A maioria das pessoas, instruída intelectualmente ou não, têm pavor da morte. De vez em quando ouvimos alguém falar sobre isso.
Conforme está escrito, o objetivo
de Paulo, ao falar a respeito da vinda de Cristo, era simplesmente manter
os iniciados motivados e convictos da imortalidade do Espírito. Ou seja,
segundo as próprias palavras de Paulo:
Não
quero, porém, irmãos, que sejais ignorantes acerca dos que já dormem [morreram],
para que não vos entristeçais, como os demais, que não têm esperança (I
Tessalonicenses 4:13)
E no versículo 17 ele dá
continuidade.
Observe que foi utilizado, na
tradução da Bíblia protestante, o termo “dormir” para se referir às pessoas que
morreram. Dessa forma, muitos estudiosos da Bíblia ainda interpretam ao pé da
letra, afirmando que o Espírito dorme quando a pessoa morre. Por isso, eu
utilizei entre colchetes a palavra “morreram”, para evitar tal equívoco.
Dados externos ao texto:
lemma codeword_nbr_of_third_nbr:
  assumes ij: "i < n" "j < n" "k < n" "i \<noteq> j"
    and signs: "\<bar>si\<bar> = 1" "\<bar>sj\<bar> = 1" "\<bar>t\<bar> = 1"
    and no_cancel: "k = i \<Longrightarrow> t = si" "k = j \<Longrightarrow> t = sj"
    and x2: "axis i si + axis j sj \<in> layer n C 2"
    and nbrs: "nbrs_in n (axis i si + axis j sj) (layer n C 1)
               = {axis i si, axis j sj, axis i si + axis j sj + axis k t}"
    and c: "c \<in> C" "adj n (axis i si + axis j sj + axis k t) c"
  shows "c = axis i si + axis j sj + axis k (2 * t)"
proof -
  let ?a = "axis i si" and ?b = "axis j sj" and ?u = "axis k t"
  have "?a + ?u \<notin> C"
    using axis_add_third_direction_not_in_code assms by blast
  moreover have "axis j sj + axis i si \<in> layer n C 2"
    "nbrs_in n (?b + ?a) (layer n C 1) = {?b, ?a, ?b + ?a + ?u}"
    using x2 nbrs by (simp_all add: add.commute insert_commute)
  then have "?b + ?u \<notin> C"
    using axis_add_third_direction_not_in_code[of j i k sj si t] ij signs no_cancel by simp
  moreover have "c \<in> {?a - axis k (- t), ?b - axis k (- t), ?a + ?b + ?u - axis k (- t)}"
    by (rule codeword_nbr_exchange[OF x2 equalityD1[OF nbrs] _ _ _ c]) (use ij signs in simp_all)
  moreover have "?a - axis k (- t) = ?a + ?u" "?b - axis k (- t) = ?b + ?u"
    "?a + ?b + ?u - axis k (- t) = ?a + ?b + axis k (2 * t)"
    by (simp_all add: fun_eq_iff axis_apply)
  ultimately show ?thesis
    using c(1) by auto
qed

lemma weight_4_codewords_at_distance_2:
  assumes ij: "i < n" "j < n" "k < n" "i \<noteq> j"
    and signs: "\<bar>si\<bar> = 1" "\<bar>sj\<bar> = 1" "\<bar>t\<bar> = 1"
    and no_cancel: "k = i \<Longrightarrow> t = si" "k = j \<Longrightarrow> t = sj"
    and x2: "axis i si + axis j sj \<in> layer n C 2"
    and nbrs: "nbrs_in n (axis i si + axis j sj) (layer n C 1)
               = {axis i si, axis j sj, axis i si + axis j sj + axis k t}"
  shows "{c \<in> C. weight n c = 4 \<and> gdist n (axis i si + axis j sj) c = 2}
         = {axis i si + axis j sj + axis k (2 * t)}"
proof -
  let ?a = "axis i si" and ?b = "axis j sj"
  let ?x = "?a + ?b" and ?y = "?a + ?b + axis k t" and ?c = "?a + ?b + axis k (2 * t)"
  have y_nbr: "c = ?c" if "c \<in> C" "adj n ?y c" for c
    using codeword_nbr_of_third_nbr[OF assms that] .
  have "?y \<in> layer n C 1"
    using nbrs by (auto simp: nbrs_in_def)
  then have c_in: "?c \<in> C"
    using y_nbr unfolding mem_layer_1_iff by blast
  have "norm1 n ?c = 4"
    using ij signs no_cancel
    by (cases "k = i"; cases "k = j") (simp_all add: norm1_add_axis axis_apply abs_mult)
  moreover have x_minus_c: "?x - ?c = axis k (- (2 * t))"
    by (simp add: fun_eq_iff axis_apply)
  have "gdist n ?x ?c = 2"
    unfolding gdist_eq_norm1 x_minus_c using ij signs by (simp add: abs_mult)
  ultimately have "?c \<in> {c \<in> C. weight n c = 4 \<and> gdist n ?x c = 2}"
    using c_in by (simp add: weight_eq_norm1)
  moreover have "c = ?c" if c: "c \<in> C" "weight n c = 4" "gdist n ?x c = 2" for c
  proof -
    obtain z where z: "z \<in> verts n" "adj n ?x z" "adj n z c"
      using gdist_eq_2_midpoint[OF c(3)] code_verts[OF c(1)] ij by auto
    then have "z \<in> {?a, ?b, ?y}"
      using nbrs adj_codeword_imp_layer_1[OF z(1) c(1) z(3)] by (auto simp: nbrs_in_def)
    moreover have "norm1 n z \<noteq> 1"
      using norm1_adj[OF z(3) z(1) code_verts[OF c(1)]] c(2) norm1_nonneg[of n c]
      by (auto simp: weight_eq_norm1)
    ultimately show ?thesis
      using y_nbr c(1) z(3) ij signs by auto
  qed
  ultimately show ?thesis
    by blast
qed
Somente a tradução “Bíblia de
Jerusalém” utilizou o termo “mortos” ao invés de “dormem”. Era apenas um
costume daquela época usar a expressão “dormir” quando a pessoa morria.
Segundo Paulo, na
vinda de Cristo, não exatamente na segunda vinda, como dizem, porque Cristo já esteve
presente no arrebatamento de Filipe e na conversão de Paulo (para quem acredita):
Os
que morreram em Cristo ressuscitarão primeiro; depois, nós, os que ficarmos
vivos, seremos arrebatados juntamente com eles nas nuvens, a encontrar o Senhor
nos ares (I Tessalonicenses 4:16-17).
Reprisando, isso aconteceu com Filipe, que, ainda vivo, foi arrebatado às alturas e encontrou o Senhor nos ares.
Em
verdade vos digo que alguns há, dos que aqui estão, que não provarão a morte até
que vejam vir o Filho do Homem no seu Reino. (Mateus 16:28)
Nem sempre o arrebatamento levava
os indivíduos definitivamente. Houve casos de arrebatamentos provisórios. Contudo, não é um fenômeno mágico. Há o envolvimento de tecnologia avançada de outras dimensões (também para quem acredita).
Conforme consta, aqueles que
morreram em Cristo, ou seja, com a consciência espiritual desperta, ressuscitarão
(ressurgirão) primeiro, porque, na verdade, já estão “ressuscitados”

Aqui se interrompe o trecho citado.